Your objective: Reproduce the records exactly through the line with "(-1) * absv".

━━━━━━━━━━━━━━━━━━━━━━━━━━━━━━

lemma abs_val_eq_0_iff [simp]: "absv x = 0 \<longleftrightarrow> x = 0"
  using is_abs_value unfolding is_abs_value_def by blast

lemma abs_val_0 [simp]: "absv 0 = 0"
  by simp

lemma abs_val_pos_iff [simp]: "absv x > 0 \<longleftrightarrow> x \<noteq> 0"
  using abs_val_nonneg[of x] abs_val_eq_0_iff[of x] by linarith

lemma abs_val_mult [simp]: "absv (x * y) = absv x * absv y"
  using is_abs_value unfolding is_abs_value_def by blast

lemma abs_val_triangle: "absv (x + y) \<le> absv x + absv y"
  using is_abs_value unfolding is_abs_value_def by blast

lemma abs_val_1 [simp]: "absv 1 = 1"
  using abs_val_mult[of 1 1] abs_val_eq_0_iff[of 1] by (metis mult_cancel_left1 one_neq_zero)

lemma abs_val_minus [simp]: "absv (- x) = absv x"
proof -
  have "absv (-1) * absv (-1) = 1"
    using abs_val_mult[of "-1" "-1"] by simp
  then have "absv (-1) = 1"
    using abs_val_nonneg[of "-1"] by (metis abs_of_nonneg abs_square_eq_1 power2_eq_square)
  then show ?thesis
    using abs_val_mult[of "-1" x] by simp
qed

lemma abs_val_minus_commute: "absv (x - y) = absv (y - x)"
  using abs_val_minus[of "x - y"] by simp

lemma abs_val_triangle_diff: "absv (x - z) \<le> absv (x - y) + absv (y - z)"
  using abs_val_triangle[of "x - y" "y - z"] by simp
lemma Syl_0_eq_sum_complements:
  fixes A B :: "'a::field set"
  assumes A: "finite A" and B: "finite B" and "d \<le> card A" "d \<le> card B"
  shows "Syl 0 d A B = smult ((-1) ^ ((card B - d) * (card A - d)))
    (\<Sum>S\<in>{S. S \<subseteq> B \<and> card S = card B - d}. smult (Res S A / Res S (B - S)) (Res_x (B - S)))"
proof -
  have "Syl 0 d A B = (\<Sum>S\<in>{S. S \<subseteq> B \<and> card S = card B - d}.
      smult (Res A S / Res (B - S) S) (Res_x (B - S)))"
  proof -
    have "B - (B - S) = S" "card (B - S) = card B - card S" if "S \<subseteq> B" for S
      using that finite_subset[OF that B] by (auto simp: card_Diff_subset)
    then show ?thesis
      unfolding Syl_0_left[OF A] using \<open>d \<le> card B\<close>
      by (intro sum.reindex_bij_witness[of _ "\<lambda>S. B - S" "\<lambda>B'. B - B'"]) auto
  qed
  also have "\<dots> = (\<Sum>S\<in>{S. S \<subseteq> B \<and> card S = card B - d}.
      smult ((-1) ^ ((card B - d) * (card A - d))) (smult (Res S A / Res S (B - S)) (Res_x (B - S))))"
  proof (rule sum.cong[OF refl])
    fix S assume "S \<in> {S. S \<subseteq> B \<and> card S = card B - d}"
    then have S: "card S = card B - d" "card (B - S) = d"
      using \<open>d \<le> card B\<close> by (auto simp: card_Diff_subset finite_subset[OF _ B])
    have "card A = (card A - d) + d" using \<open>d \<le> card A\<close> by simp
    then have "card A * card S = card S * (card A - d) + d * card S"
      by (metis add_mult_distrib mult.commute)
    then have "Res A S = (-1) ^ (card S * (card A - d)) * ((-1) ^ (d * card S) * Res S A)"
      using Res_swap[of A S] by (simp only: power_add mult.assoc)
    moreover have "Res (B - S) S = (-1) ^ (d * card S) * Res S (B - S)"
      using Res_swap[of "B - S" S] by (simp only: S(2))
    ultimately have "Res A S / Res (B - S) S =
        (-1) ^ ((card B - d) * (card A - d)) * (Res S A / Res S (B - S))"
      by (simp add: S(1))
    then show "smult (Res A S / Res (B - S) S) (Res_x (B - S)) =
        smult ((-1) ^ ((card B - d) * (card A - d))) (smult (Res S A / Res S (B - S)) (Res_x (B - S)))"
      by simp
  qed
  finally show ?thesis by (simp only: smult_sum_right)
qed

theorem proposition2p9:
  fixes A B :: "'a::field set" and d :: nat
  assumes "finite A" and "finite B"
    and "d < card B" and "d \<le> card A"
  shows "Syl 0 d A B = Sres (\<Prod>a\<in>A. [:- a, 1:]) (\<Prod>b\<in>B. [:- b, 1:]) d"
proof -
  have deg: "degree (Res_x A) = card A" "degree (Res_x B) = card B"
    using assms by (simp_all add: degree_Res_x)
  have "Sres (Res_x A) (Res_x B) d = smult ((-1) ^ ((card B - d) * (card A - d)))
      (det (coeff_row_mat (card B - d) (card B - d) (card B)
        (\<lambda>i. (monom 1 (card B - d - 1 - i) * Res_x A) mod Res_x B)))"
    using Sres_eq_det_mod_rows[OF lead_coeff_Res_x[of B], where f = "Res_x A" and d = d]
      assms deg by simp
  also have "det (coeff_row_mat (card B - d) (card B - d) (card B)
        (\<lambda>i. (monom 1 (card B - d - 1 - i) * Res_x A) mod Res_x B)) =
      (\<Sum>S\<in>{S. S \<subseteq> B \<and> card S = card B - d}. smult (Res S A / Res S (B - S)) (Res_x (B - S)))"
    using det_mod_rows_eq_sum_subsets[of B "card B - d" "Res_x A"] assms
    by (simp add: poly_Res_x Res_def)
  also have "smult ((-1) ^ ((card B - d) * (card A - d))) \<dots> = Syl 0 d A B"
    by (rule Syl_0_eq_sum_complements[symmetric]) (use assms in auto)
  finally show ?thesis by (simp add: Res_x_def)
qed

end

━━━━━━━━━━━━━━━━━━━━━━━━━━━━━━

Solution to this problem:
lemma abs_val_eq_0_iff [simp]: "absv x = 0 \<longleftrightarrow> x = 0"
  using is_abs_value unfolding is_abs_value_def by blast

lemma abs_val_0 [simp]: "absv 0 = 0"
  by simp

lemma abs_val_pos_iff [simp]: "absv x > 0 \<longleftrightarrow> x \<noteq> 0"
  using abs_val_nonneg[of x] abs_val_eq_0_iff[of x] by linarith

lemma abs_val_mult [simp]: "absv (x * y) = absv x * absv y"
  using is_abs_value unfolding is_abs_value_def by blast

lemma abs_val_triangle: "absv (x + y) \<le> absv x + absv y"
  using is_abs_value unfolding is_abs_value_def by blast

lemma abs_val_1 [simp]: "absv 1 = 1"
  using abs_val_mult[of 1 1] abs_val_eq_0_iff[of 1] by (metis mult_cancel_left1 one_neq_zero)

lemma abs_val_minus [simp]: "absv (- x) = absv x"
proof -
  have "absv (-1) * absv (-1) = 1"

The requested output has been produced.